Kathryn Jenkins, a Ferndale resident, said, “I think what is happening here is terrible. The teachers do not deserve a pay cut. It is unfair to teachers and the students. What is the future… home schooling? Depending on what is happening I might not have sent my children here to Ferndale schools. These teachers really care and go above and beyond. I had two children graduate here and go to college. You have both Democrats and Republicans who are not interested in doing what is right. Everyone is getting their hands greased. The Congressman and Senators get free medical.”

A custodial worker with seven years added, “It’s both the Democrats and Republicans. It’s rich against the poor. It has been going downhill here for years. We have given up a ton of concessions over the last 10-15 years. I think we need to dig our feet in. People will take what you let them take.
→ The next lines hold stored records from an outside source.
section \<open>Cycles of neighbour permutations\<close>

lemma sign_cycle_of_list:
  "distinct L \<Longrightarrow> L \<noteq> [] \<Longrightarrow> sign (cycle_of_list L) = (-1) ^ (length L - 1)"
proof (induction L rule: cycle_of_list.induct)
  case (1 i j cs)
  have "sign (cycle_of_list (i # j # cs)) =
        sign (Transposition.transpose i j) * sign (cycle_of_list (j # cs))"
    by (simp only: cycle_of_list.simps sign_compose[OF permutation_swap_id permutation_of_cycle])
  also have "\<dots> = (-1) * (-1) ^ (length cs)"
    using 1 by (simp add: sign_swap_id)
  finally show ?case by (simp del: cycle_of_list.simps)
qed simp_all

lemma Union_cycle_edges:
  assumes "length L \<ge> 2"
  shows "\<Union>(cycle_edges L) = set L"
proof
  show "\<Union>(cycle_edges L) \<subseteq> set L"
    using assms by (auto simp: cycle_edges_def intro!: nth_mem mod_less_divisor)
  show "set L \<subseteq> \<Union>(cycle_edges L)"
  proof
    fix y assume "y \<in> set L"
    then obtain i where "i < length L" "y = L ! i" by (auto simp: in_set_conv_nth)
    then show "y \<in> \<Union>(cycle_edges L)"
      by (auto simp: cycle_edges_def)
  qed
qed

lemma support_nth_Suc_mod:
  assumes "permutation p" "p x \<noteq> x" "i < least_power p x"
  shows "support p x ! ((i + 1) mod least_power p x) = p (support p x ! i)"
proof (cases "i + 1 < least_power p x")
  case False
  then have last: "Suc i = least_power p x" using assms(3) by simp
  then have "p ((p ^^ i) x) = x"
    using least_power_of_permutation(1)[OF assms(1), of x] by (metis comp_apply funpow.simps(2))
  then show ?thesis
    using last least_power_gt_one[OF assms(1,2)] assms(3) by simp
qed (use assms in simp)

lemma funpow_not_involutive:
  assumes "inj p" and "p (p x) \<noteq> x"
  shows "p (p ((p ^^ i) x)) \<noteq> (p ^^ i) x"
proof
  assume "p (p ((p ^^ i) x)) = (p ^^ i) x"
  then have "(p ^^ i) (p (p x)) = (p ^^ i) x"
    by (simp add: funpow_swap1)
  then show False
    using assms injD[OF inj_fn[OF assms(1)]] by metis
qed

lemma neighbour_permutation_orbit_cycle:
  assumes p: "p \<in> neighbour_permutations A W" and "finite W" and x: "p (p x) \<noteq> x"
  obtains L where "is_cycle A L" "x \<in> set L" "set L \<subseteq> W"
    "\<forall>y\<in>set L. {y, p y} \<in> cycle_edges L \<and> p (p y) \<noteq> y"
proof
  have pW: "p permutes W" and padj: "\<forall>i\<in>W. adj A i (p i)"
    using p by (auto simp: neighbour_permutations_def)
  have perm: "permutation p" using pW assms(2) permutation_permutes by blast
  have px: "p x \<noteq> x" using x by auto
  define m where "m = least_power p x"
  define L where "L = support p x"
  have len: "length L = m" by (simp add: L_def m_def)
  have nth: "L ! i = (p ^^ i) x" if "i < m" for i using that by (simp add: L_def m_def)
  have step: "L ! ((i + 1) mod m) = p (L ! i)" if "i < m" for i
    using support_nth_Suc_mod[OF perm px] that by (simp add: L_def m_def)
  have m3: "m \<ge> 3"
  proof -
    have "(p ^^ 2) x = p (p x)" by (simp add: numeral_2_eq_2)
    then have "m \<noteq> 2"
      using least_power_of_permutation(1)[OF perm, of x] x by (auto simp: m_def)
    then show ?thesis using least_power_gt_one[OF perm px] m_def by simp
  qed
  have inW: "(p ^^ i) x \<in> W" for i
  proof -
    have "x \<in> W" using px pW by (meson permutes_not_in)
    then show ?thesis by (induction i) (simp_all add: permutes_in_image[OF pW])
  qed
  show "set L \<subseteq> W" using inW by (auto simp: L_def)
  show "is_cycle A L"
    unfolding is_cycle_def
    using m3 len cycle_of_permutation[OF perm] step nth inW padj by (auto simp: L_def)
  show "x \<in> set L"
    using nth[of 0] m3 len by (metis gr_zeroI nth_mem funpow_0 not_numeral_le_zero)
  show "\<forall>y\<in>set L. {y, p y} \<in> cycle_edges L \<and> p (p y) \<noteq> y"
  proof
    fix y assume "y \<in> set L"
    then obtain i where i: "i < m" "y = L ! i" using len by (auto simp: in_set_conv_nth)
    then have "{y, p y} \<in> cycle_edges L"
      using step[OF i(1)] len by (auto simp: cycle_edges_def)
    moreover have "p (p y) \<noteq> y"
      using funpow_not_involutive[OF permutes_inj[OF pW] x, of i] i nth by simp
    ultimately show "{y, p y} \<in> cycle_edges L \<and> p (p y) \<noteq> y" ..
  qed
qed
“Charter schools seem like the next wave coming in. It is like what they are doing with privatizing bus drivers and custodians.”

Scott Collins, a social studies teacher at University High School, commented; “Knowledge is power. Education is one of the things that are most underfunded in the United States. What disturbs me the most is how much this is really the board’s issue. With all the cuts in education that have been carried out by the state, how much more can you cut back? We are losing quality teachers. Teachers are even flooding out of Troy, a district teachers used to look to in terms of quality.”

Collins was critical about the Obama administration’s education policies, “What confuses me about Race to the Top is that the testing metrics are all messed up. And I don’t like the appointment of Arne Duncan as education secretary. He’s not an educator, he’s a businessman.”

These sentiments were in sharp contrast with those of the officials from the UAW and MEA. Teachers’ bargaining representative Jason Gillespie ascribed the whole problem in Ferndale to Republican Governor Rick Snyder’s cut of the foundation grant funding, deliberately concealing the role of President Obama who, with the assistance of the unions, has spearheaded the assault on teachers and public education on behalf of corporate America.